Dr. Cornel West offers pointed take on racism at Saint
Mary's conference -- 'I don't believe in deodorized discourse'
By Lou Fancher
Perhaps disruptive ensembles like Congress and the Islamic State (ISIS) and deep divisions between Israelis and Palestinians or law enforcement and the black community in America could find peaceful resolution by communicating in song.
Such was the takeaway from a one-day "Prophetic Imagination" conference at Saint Mary's College in Moraga on Oct. 11.
Earmarked to confront "The New Jim Crow and Income Inequality in America," the event was presented by the school's Catholic Institute for Lasallian Social Action.
College President James Donahue said the day represented the best of Saint Mary's, and that institutes of higher learning must engage in conversations about "things that matter." Social justice, income equality, racial and power dynamics, prophetic witness and more, he said, were essential subjects to discuss.
After a day of breakout sessions exploring worker solidarity, solitary confinement, "raw talk," coalition building and economic injustice, the climax of the day's events was a fiery speech from Union Theological Seminary professor and author Dr. Cornel West. Infused with themes of rage, revelation, resolve and the call to "love your crooked neighbor with your crooked heart," the subtext of his "truth to power" message was the profound, unifying power of music.
The SMC Gold Medal Choir, led by director Julie Ford, prepared the sold-out audience of hundreds packing the college's Soda Center for West's keynote speech with selections clearly chosen for their connection to African American history. Donahue spoke of his and West's bonding over jazz music. If the discomfort of mostly white people co-opting African American musical traditions to express solidarity made some uncomfortable -- and it did, as a few conference attendees who did not want to share their names reported after the event -- West wasn't about to cut the tension.
Stepping up to the podium, he said, "I hope I say something that unsettles you, unnerves you, maybe un-houses you." Introducing his family and then, a pastor friend who'd arrived from "the chocolate side of Oakland," he marveled at the improbability of a black man from 122nd street in Harlem coming to speaking on matters of race in Moraga. "I don't believe in deodorized discourse," he said.

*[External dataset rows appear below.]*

(* Let $\mathcal B$ be a connected building set on $[n+1]$ whose nested set complex $K_{\mathcal B}$ is a flag complex, and let $I\subseteq[n+1]$ have even cardinality. If the restricted building set $\mathcal B|_I$ has a connected component of odd cardinality, then $K^{\mathrm{odd}}_{\mathcal B|_I}$ is contractible (indeed a cone).
   Context: A building set on a finite set $S\subset\mathbb N$ is a collection $\mathcal B$ of nonempty subsets of $S$ containing every singleton, such that $I,J\in\mathcal B$, $I\cap J\neq\emptyset$ imply $I\cup J\in\mathcal B$; its connected components are its inclusion-maximal elements; it is connected if $S\in\mathcal B$; $\mathcal B|_I=\{J\in\mathcal B:J\subseteq I\}$. For a connected building set $\mathcal B$ on $[n+1]$, the nested set complex $K_{\mathcal B}$ is the simplicial complex on vertex set $\mathcal B\setminus\{[n+1]\}$ whose simplices are the subsets $N\subseteq\mathcal B\setminus\{[n+1]\}$ such that (i) any $I,J\in N$ satisfy $I\subseteq J$, $J\subseteq I$ or $I\cap J=\emptyset$, and (ii) for any $r\ge2$ pairwise disjoint $I_1,\dots,I_r\in N$, $I_1\cup\dots\cup I_r\notin\mathcal B$. A simplicial complex is flag if every set of vertices that are pairwise joined by edges forms a simplex. For $I\subseteq[n+1]$ of even cardinality, $K^{\mathrm{odd}}_{\mathcal B|_I}$ is the full subcomplex of $K_{\mathcal B}$ induced on the vertices $J\in\mathcal B$ with $J\subseteq I$ and $|J|$ odd. *)

theory Defs
  imports Main
begin

definition building_set :: "nat set \<Rightarrow> nat set set \<Rightarrow> bool" where
  "building_set S B \<longleftrightarrow> finite S \<and> (\<forall>J\<in>B. J \<noteq> {} \<and> J \<subseteq> S) \<and> (\<forall>i\<in>S. {i} \<in> B) \<and>
     (\<forall>I\<in>B. \<forall>J\<in>B. I \<inter> J \<noteq> {} \<longrightarrow> I \<union> J \<in> B)"

definition components :: "nat set set \<Rightarrow> nat set set" where
  "components B = {C \<in> B. \<forall>J\<in>B. C \<subseteq> J \<longrightarrow> J = C}"

definition connected_bset :: "nat set \<Rightarrow> nat set set \<Rightarrow> bool" where
  "connected_bset S B \<longleftrightarrow> S \<in> B"

definition restrict_bset :: "nat set set \<Rightarrow> nat set \<Rightarrow> nat set set" where
  "restrict_bset B I = {J \<in> B. J \<subseteq> I}"

definition nested_vertices :: "nat set \<Rightarrow> nat set set \<Rightarrow> nat set set" where
  "nested_vertices S B = B - {S}"

definition nested_complex :: "nat set \<Rightarrow> nat set set \<Rightarrow> nat set set set" where
  "nested_complex S B = {N. N \<subseteq> nested_vertices S B \<and>
     (\<forall>I\<in>N. \<forall>J\<in>N. I \<subseteq> J \<or> J \<subseteq> I \<or> I \<inter> J = {}) \<and>
     (\<forall>M\<subseteq>N. 2 \<le> card M \<and> (\<forall>I\<in>M. \<forall>J\<in>M. I \<noteq> J \<longrightarrow> I \<inter> J = {}) \<longrightarrow> \<Union>M \<notin> B)}"

definition flag_complex :: "'v set \<Rightarrow> 'v set set \<Rightarrow> bool" where
  "flag_complex V K \<longleftrightarrow> (\<forall>N\<subseteq>V. (\<forall>x\<in>N. \<forall>y\<in>N. x \<noteq> y \<longrightarrow> {x, y} \<in> K) \<longrightarrow> N \<in> K)"

definition full_subcomplex :: "'v set set \<Rightarrow> 'v set \<Rightarrow> 'v set set" where
  "full_subcomplex K W = {\<sigma> \<in> K. \<sigma> \<subseteq> W}"

definition odd_complex :: "nat set \<Rightarrow> nat set set \<Rightarrow> nat set \<Rightarrow> nat set set set" where
  "odd_complex S B I = full_subcomplex (nested_complex S B)
      {J \<in> nested_vertices S B. J \<subseteq> I \<and> odd (card J)}"

definition is_cone :: "'v set set \<Rightarrow> bool" where
  "is_cone K \<longleftrightarrow> (\<exists>v. {v} \<in> K \<and> (\<forall>\<sigma>\<in>K. insert v \<sigma> \<in> K))"

end

theory Submission
  imports Defs
begin

text \<open>
  Let \<open>C\<close> be a component of \<open>\<B>|\<^sub>I\<close> of odd cardinality. Since \<open>|I|\<close> is even, \<open>C \<noteq> I\<close>, so
  \<open>C\<close> is a proper element of \<open>\<B>\<close> and a vertex of \<open>K\<^sup>o\<^sup>d\<^sup>d\<^sub>\<B>\<^sub>|\<^sub>I\<close>. Every other vertex \<open>J \<subseteq> I\<close> is,
  by maximality of \<open>C\<close>, either contained in \<open>C\<close> or disjoint from it with \<open>C \<union> J \<notin> \<B>\<close>; hence
  \<open>{C, J}\<close> is a nested set. In a flag complex a vertex joined by an edge to every other
  vertex of a full subcomplex is a cone point of it.
\<close>

lemma is_cone_full_subcomplex_if_flag:
  assumes flag: "flag_complex V K"
    and down: "\<And>\<sigma> \<tau>. \<sigma> \<in> K \<Longrightarrow> \<tau> \<subseteq> \<sigma> \<Longrightarrow> \<tau> \<in> K"
    and "W \<subseteq> V" "v \<in> W"
    and edge: "\<And>w. w \<in> W \<Longrightarrow> w \<noteq> v \<Longrightarrow> {v, w} \<in> K"
  shows "is_cone (full_subcomplex K W)"
  unfolding is_cone_def
proof (intro exI conjI ballI)
  have "insert v \<sigma> \<in> K" if "\<sigma> \<in> K" "\<sigma> \<subseteq> W" for \<sigma>
  proof -
    have "{x, y} \<in> K" if xy: "x \<in> insert v \<sigma>" "y \<in> insert v \<sigma>" "x \<noteq> y" for x y
    proof -
      consider "x = v" | "y = v" | "x \<in> \<sigma>" "y \<in> \<sigma>" using xy by blast
      then show ?thesis
      proof cases
        case 1
        then show ?thesis using edge[of y] xy \<open>\<sigma> \<subseteq> W\<close> by auto
      next
        case 2
        then show ?thesis using edge[of x] xy \<open>\<sigma> \<subseteq> W\<close> by (auto simp: insert_commute)
      next
        case 3
        then show ?thesis using down[OF \<open>\<sigma> \<in> K\<close>] by simp
      qed
    qed
    moreover have "insert v \<sigma> \<subseteq> V" using \<open>W \<subseteq> V\<close> \<open>v \<in> W\<close> \<open>\<sigma> \<subseteq> W\<close> by blast
    ultimately show ?thesis using flag[unfolded flag_complex_def, rule_format, of "insert v \<sigma>"] by blast
  qed
  then show "insert v \<sigma> \<in> full_subcomplex K W" if "\<sigma> \<in> full_subcomplex K W" for \<sigma>
    using that \<open>v \<in> W\<close> unfolding full_subcomplex_def by blast
  have "{v} \<in> K" using flag[unfolded flag_complex_def, rule_format, of "{v}"] \<open>W \<subseteq> V\<close> \<open>v \<in> W\<close> by blast
  then show "{v} \<in> full_subcomplex K W" using \<open>v \<in> W\<close> unfolding full_subcomplex_def by blast
qed

lemma nested_complex_subset_closed:
  assumes "N \<in> nested_complex S B" "N' \<subseteq> N"
  shows "N' \<in> nested_complex S B"
  using assms unfolding nested_complex_def
  by (intro CollectI conjI; elim CollectE conjE) (blast, blast, meson order_trans)

lemma pair_in_nested_complex:
  assumes "{} \<notin> B" "I \<in> nested_vertices S B" "J \<in> nested_vertices S B"
    and "I \<subseteq> J \<or> J \<subseteq> I \<or> I \<inter> J = {} \<and> I \<union> J \<notin> B"
  shows "{I, J} \<in> nested_complex S B"
  unfolding nested_complex_def
proof (intro CollectI conjI ballI allI impI)
  show "{I, J} \<subseteq> nested_vertices S B" using assms(2,3) by simp
  show "X \<subseteq> Y \<or> Y \<subseteq> X \<or> X \<inter> Y = {}" if "X \<in> {I, J}" "Y \<in> {I, J}" for X Y
    using that assms(4) by blast
  fix M assume M: "M \<subseteq> {I, J}" "2 \<le> card M \<and> (\<forall>X\<in>M. \<forall>Y\<in>M. X \<noteq> Y \<longrightarrow> X \<inter> Y = {})"
  have "card {I, J} \<le> card M" using M(2) by (simp add: card_insert_if)
  then have "M = {I, J}" using M(1) by (simp add: card_seteq)
  then have "I \<noteq> J" using M(2) by auto
  then have "I \<inter> J = {}" using M(2) \<open>M = {I, J}\<close> by simp
  moreover have "I \<noteq> {}" "J \<noteq> {}" using assms(1-3) unfolding nested_vertices_def by auto
  ultimately have "I \<union> J \<notin> B" using assms(4) by auto
  then show "\<Union>M \<notin> B" using \<open>M = {I, J}\<close> by simp
qed

lemma component_nested_or_unmergeable:
  assumes "building_set S B" "C \<in> components (restrict_bset B I)"
    and "J \<in> B" "J \<subseteq> I" "J \<noteq> C"
  shows "J \<subseteq> C \<or> C \<inter> J = {} \<and> C \<union> J \<notin> B"
proof -
  have C: "C \<in> B" "C \<subseteq> I" and maximal: "\<And>J. J \<in> B \<Longrightarrow> J \<subseteq> I \<Longrightarrow> C \<subseteq> J \<Longrightarrow> J = C"
    using assms(2) unfolding components_def restrict_bset_def by auto
  show ?thesis
  proof (cases "C \<inter> J = {}")
    case True
    have "J \<noteq> {}" using assms(1,3) unfolding building_set_def by blast
    then have "C \<union> J \<noteq> C" using True by blast
    then show ?thesis using maximal[of "C \<union> J"] C(2) assms(4) True by blast
  next
    case False
    then have "C \<union> J \<in> B" using assms(1,3) C(1) unfolding building_set_def by blast
    then have "C \<union> J = C" using maximal[of "C \<union> J"] C(2) assms(4) by blast
    then show ?thesis by blast
  qed
qed

theorem lemma5p3:
  fixes n :: nat and B :: "nat set set" and I :: "nat set"
  assumes "building_set {1..n+1} B"
    and "connected_bset {1..n+1} B"
    and "flag_complex (nested_vertices {1..n+1} B) (nested_complex {1..n+1} B)"
    and "I \<subseteq> {1..n+1}"
    and "even (card I)"
    and "\<exists>C\<in>components (restrict_bset B I). odd (card C)"
  shows "is_cone (odd_complex {1..n+1} B I)"
proof -
  let ?S = "{1..n+1::nat}"
  let ?W = "{J \<in> nested_vertices ?S B. J \<subseteq> I \<and> odd (card J)}"
  obtain C where C: "C \<in> components (restrict_bset B I)" "odd (card C)"
    using assms(6) by blast
  have "C \<in> B" "C \<subseteq> I" using C(1) unfolding components_def restrict_bset_def by auto
  moreover have "C \<noteq> ?S" using C(2) \<open>C \<subseteq> I\<close> assms(4,5) by auto
  ultimately have "C \<in> ?W" using C(2) unfolding nested_vertices_def by simp
  have "{} \<notin> B" using assms(1) unfolding building_set_def by blast
  have "{C, J} \<in> nested_complex ?S B" if J: "J \<in> ?W" "J \<noteq> C" for J
  proof -
    have "J \<in> B" "J \<subseteq> I" using J(1) unfolding nested_vertices_def by auto
    then have "J \<subseteq> C \<or> C \<inter> J = {} \<and> C \<union> J \<notin> B"
      using component_nested_or_unmergeable[OF assms(1) C(1)] J(2) by blast
    then show ?thesis
      using pair_in_nested_complex[OF \<open>{} \<notin> B\<close>, of C ?S J] \<open>C \<in> ?W\<close> J(1) by blast
  qed
  then show ?thesis unfolding odd_complex_def
    using \<open>C \<in> ?W\<close> nested_complex_subset_closed
    by (intro is_cone_full_subcomplex_if_flag[OF assms(3)]) auto
qed

end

Having spoken the truth and allowing that even in his own family "texture, friction and overflowing love" coexisted, West said, "I was a gangster -- until I met Jesus. Now I'm a Christian with gangster proclivities."
Joking aside, West spoke of the need for "tenderness that transform scars into sweetness" and named John Coltrane and a long list of other jazz greats, weaving their music's legacy of hope and love into his "black prophetic fire."
That phrase -- also the title of his new book, an edited dialogue with scholar Christa Buschendorf about six African American leaders -- referenced something West said had been lost. Instead of fleeting superficiality and talk of being "self-made," which he said was a vicious lie because no man or woman achieves greatness in a vacuum, West suggested engaging in language beyond name-calling and applying "the soul of scrutiny" to become a freedom fighter.
The new Jim Crow, West insisted, arrived because of a callousness toward poor people and a "spiritual death" largely caused by white America and amounting to terrorism against black and brown young people.
"This is my challenge to the black middle class. We once had bourgeois Negroes willing to embrace across class," he said, eventually concluding, "You can't have a freedom movement if people aren't willing to speak freely."
In a materialistic society, West said love becomes manipulation and African Americans afraid of losing their jobs put themselves into a 21st century version of slavery -- beholden to bosses, instead of speaking freely; swallowing hatred and self-punishing; and being unwilling to sacrifice for truth. Protesting against "financialization, privatization, militarization, Wall Street's break dance, drones that kill children, national surveillance and Obama not having time to go to Ferguson (Mo.)" for a weekend-long peace rally to protest police brutality and the shooting of Michael Brown on Aug 9, West asked, "Do we have courage to deal with the current catastrophe?"
Nikita Mitchell, a junior attending Mills College in Oakland, said the opportunity to hear West speak was special and timely.
"Due to the political climate and the threat against the black body," Mitchell said, "(West's) insights are authentic and not a part of power politics."
Asked by an audience member about white guilt during a Q and A session, West said, "Guilt is a paralyzing experience. Courage is all about working through fear."